The primary purpose of this thesis is to test the Fisher Hypothesis, identifying the relationship between stock returns and inflation, in Korean Stock Market. In addition to this analysis and as a secondary purpose, this study discusses the economic explanation about the relation, especially the anomalous negative relation between stock returns and various rates of inflation.
To clarify the relationship between stock returns and inflation in Korean Stock Market, various models were empirically tested for two periods, 1976.1 - 1980.12 and 1981.1 - 1984.12, differencing the level of rates of inflation. According to the results, the anomalous negative relation was indentified in the hyper-inflation period, 1976.1 - 1980.12. On the contrary, the Fisher Hypothesis was not rejected in the period of low level of inflation rates, 1981.1 - 1984.12.

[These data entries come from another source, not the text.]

lemma differences_with_orthogonal_main_parts:
  fixes T :: "'a::euclidean_space set"
  assumes T: "finite T" "T \<subseteq> cball 0 r" and \<delta>: "0 < \<delta>" and r: "0 < r"
    and card: "(2 * r / \<delta> + 1) ^ n \<le> real (card T)"
  shows "\<exists>t s u v :: nat \<Rightarrow> 'a.
           (\<forall>k\<in>{1..n}. t k \<in> T \<and> s k \<in> T \<and> t k - s k \<noteq> 0 \<and>
                         t k - s k = u k + v k \<and> norm (v k) \<le> \<delta>) \<and>
           (\<forall>j\<in>{1..n}. \<forall>k\<in>{1..n}. j \<noteq> k \<longrightarrow> inner (u j) (u k) = 0)"
  using card
proof (induction n)
  case 0
  show ?case by simp
next
  case (Suc n)
  have base: "1 < 2 * r / \<delta> + 1"
    using r \<delta> by simp
  have "(2 * r / \<delta> + 1) ^ n \<le> real (card T)"
    by (rule order_trans[OF power_increasing Suc.prems]) (use base in auto)
  then obtain t s u v :: "nat \<Rightarrow> 'a" where
    pairs: "\<forall>k\<in>{1..n}. t k \<in> T \<and> s k \<in> T \<and> t k - s k \<noteq> 0 \<and>
                         t k - s k = u k + v k \<and> norm (v k) \<le> \<delta>" and
    orth: "\<forall>j\<in>{1..n}. \<forall>k\<in>{1..n}. j \<noteq> k \<longrightarrow> inner (u j) (u k) = 0"
    using Suc.IH by blast
  define F where "F = span (u ` {1..n})"
  have "dim F \<le> n"
    unfolding F_def dim_span using dim_le_card'[of "u ` {1..n}"] card_image_le[of "{1..n}" u]
    by simp
  then have "(2 * r / \<delta> + 1) ^ dim F < real (card T)"
    using power_strict_increasing[of "dim F" "Suc n", OF _ base] Suc.prems by simp
  then obtain a b u\<^sub>0 v\<^sub>0 where new: "a \<in> T" "b \<in> T" "a \<noteq> b" "a - b = u\<^sub>0 + v\<^sub>0" "norm v\<^sub>0 \<le> \<delta>"
    and u\<^sub>0: "\<And>w. w \<in> F \<Longrightarrow> orthogonal u\<^sub>0 w"
    using pair_with_difference_near_orthogonal_complement[OF _ T \<delta> less_imp_le[OF r]]
    unfolding F_def by blast
  have new_orth: "inner (u k) u\<^sub>0 = 0" "inner u\<^sub>0 (u k) = 0" if "k \<in> {1..n}" for k
    using u\<^sub>0[of "u k"] that by (simp_all add: F_def span_base orthogonal_def inner_commute)
  have range: "{1..Suc n} = insert (Suc n) {1..n}"
    by auto
  show ?case
  proof (intro exI conjI)
    show "\<forall>k\<in>{1..Suc n}. (t(Suc n := a)) k \<in> T \<and> (s(Suc n := b)) k \<in> T \<and>
        (t(Suc n := a)) k - (s(Suc n := b)) k \<noteq> 0 \<and>
        (t(Suc n := a)) k - (s(Suc n := b)) k = (u(Suc n := u\<^sub>0)) k + (v(Suc n := v\<^sub>0)) k \<and>
        norm ((v(Suc n := v\<^sub>0)) k) \<le> \<delta>"
      unfolding range using pairs new by auto
    show "\<forall>j\<in>{1..Suc n}. \<forall>k\<in>{1..Suc n}. j \<noteq> k \<longrightarrow> inner ((u(Suc n := u\<^sub>0)) j) ((u(Suc n := u\<^sub>0)) k) = 0"
      unfolding range using orth new_orth by auto
  qed
qed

About these empirical findings and according to the additional tests, this study reveals that the negative relation between stock returns and inflation in the hyper-inflation period can be explained by economic uncertainty model and reverse causality model, not proxy effect hypothesis. That is, the market risk premium for common stocks, which is increased as a response to increased economic uncertainty with increased inflation uncertainty, reduces the market value of common stocks and investors prefer other nonmonetary assets, like real estate, government bonds, corporate bonds.